Transformers Turn Out to Be Graph Neural Networks in Disguise

If you’ve spent time with modern language models, you’ve felt the thrill of their uncanny ability to stitch meaning from streams of words. They seem to understand context as if a room full of conversations were quietly coalescing into sense. Yet beneath that magic sits a core idea that ties two communities in AI together: the world of graphs, where entities connect by edges, and the world of sequences, where order governs meaning. A new perspective from the University of Cambridge reframes Transformers as a kind of Graph Neural Network operating on a fully connected web of tokens, not a fixed map of moments in a sentence. The author, Chaitanya K. Joshi, shows that the attention mechanism is really a way of exchanging messages across every pair of tokens, letting the model learn complex relationships without needing a pre-built graph.

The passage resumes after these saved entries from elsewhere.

(* Let $\mathcal{A}$ be a complete topological ring and let $\mathcal{B}$ be a complete topological $\mathcal{A}$-algebra. Then there is a one-to-one correspondence between restricted exponential $\mathcal{A}$-homomorphisms $\mathrm{e}\colon\mathcal{B}\rightarrow\mathcal{B}\{T\}$ and topologically integrable iterated higher $\mathcal{A}$-derivations of $\mathcal{B}$, given by associating to $\mathrm{e}=\sum_{i\in\mathbb{N}}\mathrm{e}_iT^i$ the family $D=\{D^{(i)}\}_{i\ge0}$ with $D^{(i)}=\mathrm{e}_i$ (and conversely $D\mapsto\sum_i D^{(i)}T^i$).
   Context: Conventions: all topological rings and modules are linearly topologized and admit a countable fundamental system of neighbourhoods of $0$ consisting of open ideals (resp. submodules); homomorphisms of topological rings/modules are continuous. A topological ring is complete if the canonical map to $\varprojlim_{\mathfrak{a}}\mathcal{A}/\mathfrak{a}$ (over open ideals, quotients discrete, inverse limit topology) is an isomorphism of topological rings. A complete topological $\mathcal{A}$-algebra is a complete topological ring with a continuous ring homomorphism from $\mathcal{A}$. For a complete topological ring $\mathcal{B}$, $\mathcal{B}\{T\}$ (resp. $\mathcal{B}\{T,T'\}$) is the ring of restricted power series: formal power series whose coefficients converge to $0$ (for every open ideal $\mathfrak{b}$, all but finitely many coefficients lie in $\mathfrak{b}$), topologized by the ideals of series with all coefficients in $\mathfrak{b}$, $\mathfrak{b}$ open. A restricted exponential $\mathcal{A}$-homomorphism is a continuous $\mathcal{A}$-algebra homomorphism $\mathrm{e}\colon\mathcal{B}\to\mathcal{B}\{T\}$, written $\mathrm{e}(b)=\sum_i\mathrm{e}_i(b)T^i$, such that $\mathrm{e}_0=\mathrm{id}_{\mathcal{B}}$ and, for every $b\in\mathcal{B}$, $\sum_{(i,j)\in\mathbb{N}^2}\mathrm{e}_j(\mathrm{e}_i(b))T'^jT^i=\sum_{\ell\in\mathbb{N}}\mathrm{e}_\ell(b)(T+T')^\ell$ in $\mathcal{B}\{T,T'\}$. A continuous iterated higher $\mathcal{A}$-derivation of $\mathcal{B}$ is a family $D=\{D^{(i)}\}_{i\ge0}$ of continuous $\mathcal{A}$-module homomorphisms $\mathcal{B}\to\mathcal{B}$ with $D^{(0)}=\mathrm{id}$, $D^{(i)}(bb')=\sum_{j=0}^iD^{(j)}(b)D^{(i-j)}(b')$ and $D^{(i)}\circ D^{(j)}=\binom{i+j}{i}D^{(i+j)}$. It is topologically integrable if $(D^{(i)})_i$ converges continuously to $0$: for every $b\in\mathcal{B}$ and open ideal $\mathfrak{b}'$ there exist an open ideal $\mathfrak{b}$ and $n_0$ with $D^{(n)}(b+\mathfrak{b})\subseteq\mathfrak{b}'$ for all $n\ge n_0$. *)

theory Defs
  imports "HOL-Computational_Algebra.Formal_Power_Series"
begin

text \<open>Rings are commutative with 1 (type class comm_ring_1). A linear topology with a
countable fundamental system of open ideals is given by a decreasing sequence of ideals I.\<close>

definition ideal_in :: "'a::comm_ring_1 set \<Rightarrow> bool" where
  "ideal_in J \<longleftrightarrow> 0 \<in> J \<and> (\<forall>x\<in>J. \<forall>y\<in>J. x + y \<in> J) \<and> (\<forall>r. \<forall>x\<in>J. r * x \<in> J)"

definition lin_top :: "(nat \<Rightarrow> 'a::comm_ring_1 set) \<Rightarrow> bool" where
  "lin_top I \<longleftrightarrow> (\<forall>n. ideal_in (I n)) \<and> (\<forall>n. I (Suc n) \<subseteq> I n)"

definition open_ideal :: "(nat \<Rightarrow> 'a::comm_ring_1 set) \<Rightarrow> 'a set \<Rightarrow> bool" where
  "open_ideal I J \<longleftrightarrow> ideal_in J \<and> (\<exists>n. I n \<subseteq> J)"

text \<open>Elements of the inverse limit of the discrete quotients A / I n: compatible systems of cosets.\<close>
definition compatible_system :: "(nat \<Rightarrow> 'a::comm_ring_1 set) \<Rightarrow> (nat \<Rightarrow> 'a set) \<Rightarrow> bool" where
  "compatible_system I X \<longleftrightarrow> (\<forall>n. \<exists>c. X n = (\<lambda>y. c + y) ` I n) \<and> (\<forall>n. X (Suc n) \<subseteq> X n)"

text \<open>Complete: the canonical map to the inverse limit is bijective (it is then automatically a
homeomorphism for the inverse limit topology).\<close>
definition complete_ring :: "(nat \<Rightarrow> 'a::comm_ring_1 set) \<Rightarrow> bool" where
  "complete_ring I \<longleftrightarrow> lin_top I \<and>
     (\<forall>X. compatible_system I X \<longrightarrow> (\<exists>!b. \<forall>n. X n = (\<lambda>y. b + y) ` I n))"

definition cont_map :: "(nat \<Rightarrow> 'a::comm_ring_1 set) \<Rightarrow> (nat \<Rightarrow> 'c::comm_ring_1 set) \<Rightarrow> ('a \<Rightarrow> 'c) \<Rightarrow> bool" where
  "cont_map IX IY f \<longleftrightarrow> (\<forall>x m. \<exists>n. \<forall>y\<in>IX n. f (x + y) - f x \<in> IY m)"

definition ring_hom_fun :: "('a::comm_ring_1 \<Rightarrow> 'c::comm_ring_1) \<Rightarrow> bool" where
  "ring_hom_fun f \<longleftrightarrow> f 1 = 1 \<and> (\<forall>x y. f (x + y) = f x + f y) \<and> (\<forall>x y. f (x * y) = f x * f y)"

definition restricted_fps :: "(nat \<Rightarrow> 'b::comm_ring_1 set) \<Rightarrow> 'b fps \<Rightarrow> bool" where
  "restricted_fps IB s \<longleftrightarrow> (\<forall>J. open_ideal IB J \<longrightarrow> finite {i. fps_nth s i \<notin> J})"

definition fps_top :: "(nat \<Rightarrow> 'b::comm_ring_1 set) \<Rightarrow> nat \<Rightarrow> 'b fps set" where
  "fps_top IB m = {s. \<forall>i. fps_nth s i \<in> IB m}"

text \<open>Restricted exponential A-homomorphisms e : B \<rightarrow> B{T}, where the A-algebra structure
of B is given by phi and that of B{T} by constants. The identity in B{T,T'} is stated
coefficientwise (coefficient of T^i T'^j).\<close>
definition restricted_exp_hom :: "(nat \<Rightarrow> 'b::comm_ring_1 set) \<Rightarrow> ('a::comm_ring_1 \<Rightarrow> 'b) \<Rightarrow> ('b \<Rightarrow> 'b fps) \<Rightarrow> bool" where
  "restricted_exp_hom IB \<phi> e \<longleftrightarrow>
     (\<forall>b. restricted_fps IB (e b)) \<and> ring_hom_fun e \<and> (\<forall>a. e (\<phi> a) = fps_const (\<phi> a)) \<and>
     cont_map IB (fps_top IB) e \<and>
     (\<forall>b. fps_nth (e b) 0 = b) \<and>
     (\<forall>b i j. fps_nth (e (fps_nth (e b) i)) j = of_nat ((i + j) choose i) * fps_nth (e b) (i + j))"

definition iterated_higher_deriv :: "(nat \<Rightarrow> 'b::comm_ring_1 set) \<Rightarrow> ('a::comm_ring_1 \<Rightarrow> 'b) \<Rightarrow> (nat \<Rightarrow> 'b \<Rightarrow> 'b) \<Rightarrow> bool" where
  "iterated_higher_deriv IB \<phi> D \<longleftrightarrow>
     (\<forall>i. (\<forall>x y. D i (x + y) = D i x + D i y) \<and> (\<forall>a x. D i (\<phi> a * x) = \<phi> a * D i x) \<and>
          cont_map IB IB (D i)) \<and>
     D 0 = id \<and>
     (\<forall>i b b'. D i (b * b') = (\<Sum>j\<le>i. D j b * D (i - j) b')) \<and>
     (\<forall>i j. D i \<circ> D j = (\<lambda>b. of_nat ((i + j) choose i) * D (i + j) b))"

definition topologically_integrable :: "(nat \<Rightarrow> 'b::comm_ring_1 set) \<Rightarrow> (nat \<Rightarrow> 'b \<Rightarrow> 'b) \<Rightarrow> bool" where
  "topologically_integrable IB D \<longleftrightarrow>
     (\<forall>b J'. open_ideal IB J' \<longrightarrow>
        (\<exists>J n0. open_ideal IB J \<and> (\<forall>n\<ge>n0. \<forall>y\<in>J. D n (b + y) \<in> J')))"

end

theory Submission
  imports Defs
begin

text \<open>Both directions are coefficientwise translations: the multiplicativity of \<open>e\<close>
is the Leibniz rule, and the exponential identity is the composition rule
\<open>D\<^sub>i \<circ> D\<^sub>j = ((i + j) choose i) D\<^sub>i\<^sub>+\<^sub>j\<close>. Restrictedness of the series \<open>e b\<close>
together with continuity of \<open>e\<close>, which is uniform in the coefficient index, gives
topological integrability. Conversely, integrability controls all but finitely many \<open>D\<^sub>i\<close>
at once and the remaining ones are continuous, which yields continuity of \<open>e\<close> into \<open>B{T}\<close>.\<close>

lemma lin_top_antimono: "lin_top I \<Longrightarrow> m \<le> n \<Longrightarrow> I n \<subseteq> I m"
  unfolding lin_top_def by (rule lift_Suc_antimono_le[of I]) auto

lemma eventually_lin_top:
  assumes "lin_top I" and "\<forall>y\<in>I k. P y"
  shows "\<forall>\<^sub>F n in sequentially. \<forall>y\<in>I n. P y"
  using assms lin_top_antimono unfolding eventually_sequentially by blast

lemma open_ideal_lin_top: "lin_top I \<Longrightarrow> open_ideal I (I n)"
  by (auto simp: open_ideal_def lin_top_def)

lemma open_ideal_zero: "open_ideal I J \<Longrightarrow> 0 \<in> J"
  by (simp add: open_ideal_def ideal_in_def)

lemma open_ideal_add: "open_ideal I J \<Longrightarrow> x \<in> J \<Longrightarrow> y \<in> J \<Longrightarrow> x + y \<in> J"
  by (simp add: open_ideal_def ideal_in_def)

lemma restricted_fps_iff_eventually:
  "restricted_fps I s \<longleftrightarrow> (\<forall>J. open_ideal I J \<longrightarrow> (\<forall>\<^sub>F i in sequentially. fps_nth s i \<in> J))"
  by (simp add: restricted_fps_def eventually_cofinite[symmetric] cofinite_eq_sequentially)

lemma cont_map_fps_top_iff:
  "cont_map I (fps_top I) e \<longleftrightarrow>
     (\<forall>x m. \<exists>n. \<forall>y\<in>I n. \<forall>i. fps_nth (e (x + y)) i - fps_nth (e x) i \<in> I m)"
  by (simp add: cont_map_def fps_top_def)

lemma binomial_add_symmetric: "(i + j) choose i = (j + i) choose j"
  by (metis add.commute add_diff_cancel_left' binomial_symmetric le_add1)

lemma fps_idempotent_eq_1:
  fixes f :: "'a::ring_1 fps"
  assumes "f * f = f" and "fps_nth f 0 = 1"
  shows "f = 1"
proof -
  have left_inv: "fps_left_inverse f 1 * f = 1"
    using assms(2) by (intro fps_left_inverse) simp
  have "f = fps_left_inverse f 1 * (f * f)"
    by (simp add: mult.assoc[symmetric] left_inv)
  also have "\<dots> = 1"
    by (simp add: assms(1) left_inv)
  finally show ?thesis .
qed

lemma iterated_higher_deriv_coeffs:
  assumes "restricted_exp_hom I \<phi> e"
  shows "iterated_higher_deriv I \<phi> (\<lambda>i b. fps_nth (e b) i)"
proof -
  have hom: "ring_hom_fun e" and const: "\<And>a. e (\<phi> a) = fps_const (\<phi> a)"
    and cont: "cont_map I (fps_top I) e" and coeff0: "\<And>b. fps_nth (e b) 0 = b"
    and exp: "\<And>b i j. fps_nth (e (fps_nth (e b) i)) j =
                of_nat ((i + j) choose i) * fps_nth (e b) (i + j)"
    using assms unfolding restricted_exp_hom_def by auto
  have add: "e (x + y) = e x + e y" and mult: "e (x * y) = e x * e y" for x y
    using hom unfolding ring_hom_fun_def by auto
  have "cont_map I I (\<lambda>b. fps_nth (e b) i)" for i
    using cont[unfolded cont_map_fps_top_iff] unfolding cont_map_def by blast
  moreover have "fps_nth (e (\<phi> a * x)) i = \<phi> a * fps_nth (e x) i" for a x i
    by (simp add: mult const)
  moreover have "fps_nth (e (fps_nth (e b) j)) i =
      of_nat ((i + j) choose i) * fps_nth (e b) (i + j)" for i j b
    using exp[of b j i] by (simp only: binomial_add_symmetric[of i j] add.commute[of j i])
  ultimately show ?thesis
    unfolding iterated_higher_deriv_def
    by (auto simp: add mult coeff0 fps_mult_nth atLeast0AtMost)
qed
(* Let $s\in[0,1]$ and let $(L_n)_{n\ge1}$, $(U_n)_{n\ge1}$ be random variables on a common probability space; set $L_0:\equiv0$, $U_0:\equiv1$. Let $\mathcal{F}_0=\{\emptyset,\Omega\}$, $\mathcal{F}_n=\sigma\{L_n,U_n\}$ for $n\ge1$, and $\mathcal{F}_{k,\infty}=\sigma\{\mathcal{F}_k,\mathcal{F}_{k+1},\dots\}$. Assume that almost surely for every $n\ge1$: $L_n\le U_n$, $L_n\in[0,1]$, $U_n\in[0,1]$; that $l_n:=\mathbb{E}L_n$ is nondecreasing with $l_n\to s$ and $u_n:=\mathbb{E}U_n$ is nonincreasing with $u_n\to s$; and that for every $n\ge1$, almost surely, $$\mathbb{E}(L_{n-1}\mid\mathcal{F}_{n,\infty})=\mathbb{E}(L_{n-1}\mid\mathcal{F}_n)\le L_n,\qquad \mathbb{E}(U_{n-1}\mid\mathcal{F}_{n,\infty})=\mathbb{E}(U_{n-1}\mid\mathcal{F}_n)\ge U_n .$$ Put $L_n^*:=\mathbb{E}(L_{n-1}\mid\mathcal{F}_n)$, $U_n^*:=\mathbb{E}(U_{n-1}\mid\mathcal{F}_n)$ and assume $U_n^*>L_n^*$ a.s. for every $n\ge1$ (so the following recursion is well defined). Define $\tilde L_0:=0$, $\tilde U_0:=1$ and for $n\ge1$ $$\tilde L_n=\tilde L_{n-1}+\frac{L_n-L_n^*}{U_n^*-L_n^*}\,(\tilde U_{n-1}-\tilde L_{n-1}),\qquad \tilde U_n=\tilde U_{n-1}-\frac{U_n^*-U_n}{U_n^*-L_n^*}\,(\tilde U_{n-1}-\tilde L_{n-1}).$$ Let $G_0\sim U(0,1)$ be independent of $(L_n,U_n)_{n\ge1}$, let $N:=\inf\{n\ge1:\ G_0\le\tilde L_n\ \text{or}\ G_0>\tilde U_n\}$, and let $C_s:=1$ if $G_0\le\tilde L_N$ and $C_s:=0$ otherwise. Then $N<\infty$ a.s., $\mathbb{P}(C_s=1)=s$, and $\mathbb{P}(N>n)=u_n-l_n$ for every $n\ge1$.
   Context: This formalizes "Algorithm 4": $L_n$ is a reverse-time supermartingale and $U_n$ a reverse-time submartingale with respect to $(\mathcal{F}_{n,\infty})$, and monotone sequences $\tilde L_n,\tilde U_n$ are built online from them and then used as in the scheme "output $1$ if $G_0\le\tilde L_n$, $0$ if $G_0>\tilde U_n$, else continue". *)

theory Defs
  imports "HOL-Probability.Probability"
begin
text \<open>Since Gf(x) has at most one arc per
  ordered pair, the cycle is determined by its vertex sequence.\<close>
definition is_cycle :: "(('v \<Rightarrow> bool) \<Rightarrow> ('v \<Rightarrow> bool)) \<Rightarrow> ('v \<Rightarrow> bool) \<Rightarrow> 'v list \<Rightarrow> bool" where
  "is_cycle f x cs \<longleftrightarrow> cs \<noteq> [] \<and> distinct cs \<and>
     (\<forall>t < length cs. arc f x (cs ! t) (cs ! ((t + 1) mod length cs)))"

definition chordless :: "(('v \<Rightarrow> bool) \<Rightarrow> ('v \<Rightarrow> bool)) \<Rightarrow> ('v \<Rightarrow> bool) \<Rightarrow> 'v list \<Rightarrow> bool" where
  "chordless f x cs \<longleftrightarrow> (\<forall>u \<in> set cs. \<forall>v \<in> set cs. arc f x u v \<longrightarrow>
     (\<exists>t < length cs. u = cs ! t \<and> v = cs ! ((t + 1) mod length cs)))"

definition num_neg_arcs :: "(('v \<Rightarrow> bool) \<Rightarrow> ('v \<Rightarrow> bool)) \<Rightarrow> ('v \<Rightarrow> bool) \<Rightarrow> 'v list \<Rightarrow> nat" where
  "num_neg_arcs f x cs = card {t. t < length cs \<and> arc_sign f x (cs ! t) (cs ! ((t + 1) mod length cs)) = -1}"

definition has_chordless_pos_cycle :: "(('v \<Rightarrow> bool) \<Rightarrow> ('v \<Rightarrow> bool)) \<Rightarrow> ('v \<Rightarrow> bool) \<Rightarrow> nat \<Rightarrow> bool" where
  "has_chordless_pos_cycle f x k \<longleftrightarrow> (\<exists>cs. is_cycle f x cs \<and> chordless f x cs \<and>
     length cs = k \<and> even (num_neg_arcs f x cs))"

definition has_chordless_neg_cycle :: "(('v \<Rightarrow> bool) \<Rightarrow> ('v \<Rightarrow> bool)) \<Rightarrow> ('v \<Rightarrow> bool) \<Rightarrow> nat \<Rightarrow> bool" where
  "has_chordless_neg_cycle f x k \<longleftrightarrow> (\<exists>cs. is_cycle f x cs \<and> chordless f x cs \<and>
     length cs = k \<and> odd (num_neg_arcs f x cs))"
lemma oadd_kernel_olift:
  "oadd (q * (a - interp01 (poly a 0) (poly a 1)), q * (b - interp01 (poly b 0) (poly b 1)),
         q * (c - interp01 (poly c 0) (poly c 1)))
     (olift q (poly a 0) (poly b 0) (poly c 0) (poly a 1) (poly b 1) (poly c 1)) = (q * a, q * b, q * c)"
  by (simp add: oadd_def olift_def algebra_simps)

lemma OJ_plus_lifts:
  "{oadd k s | k s. k \<in> OJ (pideal (q * pt * ptm1)) \<and> s \<in> lifts q W} = preimage01 q W"
proof (intro equalityI subsetI)
  fix u assume "u \<in> {oadd k s | k s. k \<in> OJ (pideal (q * pt * ptm1)) \<and> s \<in> lifts q W}"
  then obtain k s where u: "u = oadd k s" and k: "k \<in> OJ (pideal (q * pt * ptm1))" and s: "s \<in> lifts q W"
    by blast
  from k obtain a b c where k_eq: "k = (q * a, q * b, q * c)"
    and dvd: "pt * ptm1 dvd a" "pt * ptm1 dvd b" "pt * ptm1 dvd c"
    unfolding mem_OJ_pideal_iff by blast
  from s obtain x0 x1 x2 y0 y1 y2 where s_eq: "s = olift q x0 x1 x2 y0 y1 y2" and W: "W x0 x1 x2 y0 y1 y2"
    unfolding lifts_def by blast
  have "u = (q * (a + interp01 x0 y0), q * (b + interp01 x1 y1), q * (c + interp01 x2 y2))"
    by (simp add: u k_eq s_eq oadd_def olift_def distrib_left)
  moreover have "poly a 0 = 0" "poly a 1 = 0" "poly b 0 = 0" "poly b 1 = 0" "poly c 0 = 0" "poly c 1 = 0"
    using dvd unfolding pt_ptm1_dvd_iff by simp_all
  ultimately show "u \<in> preimage01 q W"
    using W by (simp add: mem_preimage01I)
next
  fix u assume "u \<in> preimage01 q W"
  then obtain a b c where u: "u = (q * a, q * b, q * c)"
    and W: "W (poly a 0) (poly b 0) (poly c 0) (poly a 1) (poly b 1) (poly c 1)"
    unfolding preimage01_def by blast
  let ?k = "(q * (a - interp01 (poly a 0) (poly a 1)), q * (b - interp01 (poly b 0) (poly b 1)),
             q * (c - interp01 (poly c 0) (poly c 1)))"
  let ?s = "olift q (poly a 0) (poly b 0) (poly c 0) (poly a 1) (poly b 1) (poly c 1)"
  have "?k \<in> OJ (pideal (q * pt * ptm1))"
    unfolding mem_OJ_pideal_iff by (intro exI conjI, rule refl) (rule pt_ptm1_dvd_minus_interp01)+
  moreover have "?s \<in> lifts q W"
    using W unfolding lifts_def by blast
  moreover have "u = oadd ?k ?s"
    unfolding u by (rule oadd_kernel_olift[symmetric])
  ultimately show "u \<in> {oadd k s | k s. k \<in> OJ (pideal (q * pt * ptm1)) \<and> s \<in> lifts q W}"
    by blast
qed

lemma OJ_inter_lifts:
  assumes "q \<noteq> 0" and "W 0 0 0 0 0 0"
  shows "OJ (pideal (q * pt * ptm1)) \<inter> lifts q W = {ozero}"
proof (intro equalityI subsetI)
  fix u assume "u \<in> OJ (pideal (q * pt * ptm1)) \<inter> lifts q W"
  then obtain a b c x0 x1 x2 y0 y1 y2
    where u: "u = (q * a, q * b, q * c)" "u = olift q x0 x1 x2 y0 y1 y2"
      and dvd: "pt * ptm1 dvd a" "pt * ptm1 dvd b" "pt * ptm1 dvd c"
    unfolding Int_iff mem_OJ_pideal_iff lifts_def by blast
  then have "a = interp01 x0 y0" "b = interp01 x1 y1" "c = interp01 x2 y2"
    using assms(1) by (simp_all add: olift_def)
  with dvd have "x0 = 0" "x1 = 0" "x2 = 0" "y0 = 0" "y1 = 0" "y2 = 0"
    unfolding pt_ptm1_dvd_iff by simp_all
  then show "u \<in> {ozero}"
    using u by (simp add: olift_def interp01_def ozero_def)
next
  have "ozero = (q * 0, q * 0, q * 0)" "ozero = olift q 0 0 0 0 0 0"
    by (simp_all add: olift_def interp01_def ozero_def)
  then show "u \<in> OJ (pideal (q * pt * ptm1)) \<inter> lifts q W" if "u \<in> {ozero}" for u
    using that assms(2) unfolding Int_iff mem_OJ_pideal_iff lifts_def by blast
qed

lemma direct_sum_lifts_iff:
  assumes "q \<noteq> 0" and "W 0 0 0 0 0 0"
  shows "is_direct_sum I (OJ (pideal (q * pt * ptm1))) (lifts q W) \<longleftrightarrow> I = preimage01 q W"
  unfolding is_direct_sum_def OJ_plus_lifts using OJ_inter_lifts[of q W] assms by blast

subsection \<open>Ideals of O as ideals of values\<close>

text \<open>The bracket condition is the bracket of O read off at t = 0 and at t = 1; the last
  assumption expresses J_I = q k[t].\<close>

locale value_ideal =
  fixes W :: "'a::field values6"
  assumes zero: "W 0 0 0 0 0 0"
    and add: "W x0 x1 x2 y0 y1 y2 \<Longrightarrow> W x0' x1' x2' y0' y1' y2' \<Longrightarrow>
      W (x0 + x0') (x1 + x1') (x2 + x2') (y0 + y0') (y1 + y1') (y2 + y2')"
    and smult: "W x0 x1 x2 y0 y1 y2 \<Longrightarrow> W (r * x0) (r * x1) (r * x2) (r * y0) (r * y1) (r * y2)"
    and bracket: "W x0 x1 x2 y0 y1 y2 \<Longrightarrow>
      W (x2 * g - x1 * h) 0 (x0 * g - x1 * f) (y2 * g' - y1 * h') (y2 * f' - y0 * h') 0"
    and surj: "\<exists>x1 x2 y1 y2. W x0 x1 x2 y0 y1 y2"

lemma obracket_mult_left:
  "obracket (q * a, q * b, q * c) (f, g, h) =
     (q * (c * g - b * h), q * (pt * (c * f - a * h)), q * (ptm1 * (b * f - a * g)))"
  by (simp add: obracket_def algebra_simps)

lemma (in value_ideal) lie_ideal_preimage01: "is_lie_ideal (preimage01 q W)"
  unfolding is_lie_ideal_def
proof (intro conjI ballI allI)
  show "ozero \<in> preimage01 q W"
    using mem_preimage01I[of W 0 0 0 q] zero by (simp add: ozero_def)
next
  fix x y assume "x \<in> preimage01 q W" "y \<in> preimage01 q W"
  then obtain a b c a' b' c' where "x = (q * a, q * b, q * c)" "y = (q * a', q * b', q * c')"
    and "W (poly a 0) (poly b 0) (poly c 0) (poly a 1) (poly b 1) (poly c 1)"
      "W (poly a' 0) (poly b' 0) (poly c' 0) (poly a' 1) (poly b' 1) (poly c' 1)"
    unfolding preimage01_def by blast
  then show "oadd x y \<in> preimage01 q W"
    using mem_preimage01I[of W "a + a'" "b + b'" "c + c'" q] add by (simp add: oadd_def distrib_left)
next
  fix r x assume "x \<in> preimage01 q W"
  then obtain a b c where "x = (q * a, q * b, q * c)"
    and "W (poly a 0) (poly b 0) (poly c 0) (poly a 1) (poly b 1) (poly c 1)"
    unfolding preimage01_def by blast
  then show "osmult r x \<in> preimage01 q W"
    using mem_preimage01I[of W "smult r a" "smult r b" "smult r c" q] smult by (simp add: osmult_def)
next
  fix x y :: "'a onsager" assume "x \<in> preimage01 q W"
  then obtain a b c where x: "x = (q * a, q * b, q * c)"
    and "W (poly a 0) (poly b 0) (poly c 0) (poly a 1) (poly b 1) (poly c 1)"
    unfolding preimage01_def by blast
  moreover obtain f g h where y: "y = (f, g, h)"
    by (cases y)
  ultimately show "obracket x y \<in> preimage01 q W"
    unfolding x y obracket_mult_left
    by (intro mem_preimage01I) (simp add: algebra_simps, erule bracket)
qed

lemma (in value_ideal) J_of_preimage01: "J_of (preimage01 q W) = pideal q"
proof (intro equalityI subsetI)
  fix p assume "p \<in> J_of (preimage01 q W)"
  then show "p \<in> pideal q"
    unfolding J_of_def preimage01_def pideal_def by blast
next
  fix p assume "p \<in> pideal q"
  then obtain r where p: "p = q * r"
    unfolding pideal_def by blast
  obtain x1 x2 y1 y2 where "W (poly r 0) x1 x2 (poly r 1) y1 y2"
    using surj by blast
  then have "(q * r, q * interp01 x1 y1, q * interp01 x2 y2) \<in> preimage01 q W"
    by (intro mem_preimage01I) simp
  then show "p \<in> J_of (preimage01 q W)"
    unfolding J_of_def p by blast
qed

In other words, Transformers are not just good at language because they memorize; they are powerful because they learn to reason about relationships in data. If you imagine each input element as a person at a party, attention is how loudly each person talks to others, and the resulting embedding is the evolving network of conversations. What Joshi emphasizes is that this social network can be viewed as a graph: every token is a node, every attention weight is an edge, and the whole thing can be stacked into deep layers that propagate information across the entire set. The punchline is surprisingly simple: when you treat the Transformer as a Graph Neural Network, you unlock a different lens on what a neural network is doing, and you reveal a bridge between architectures that long stood apart.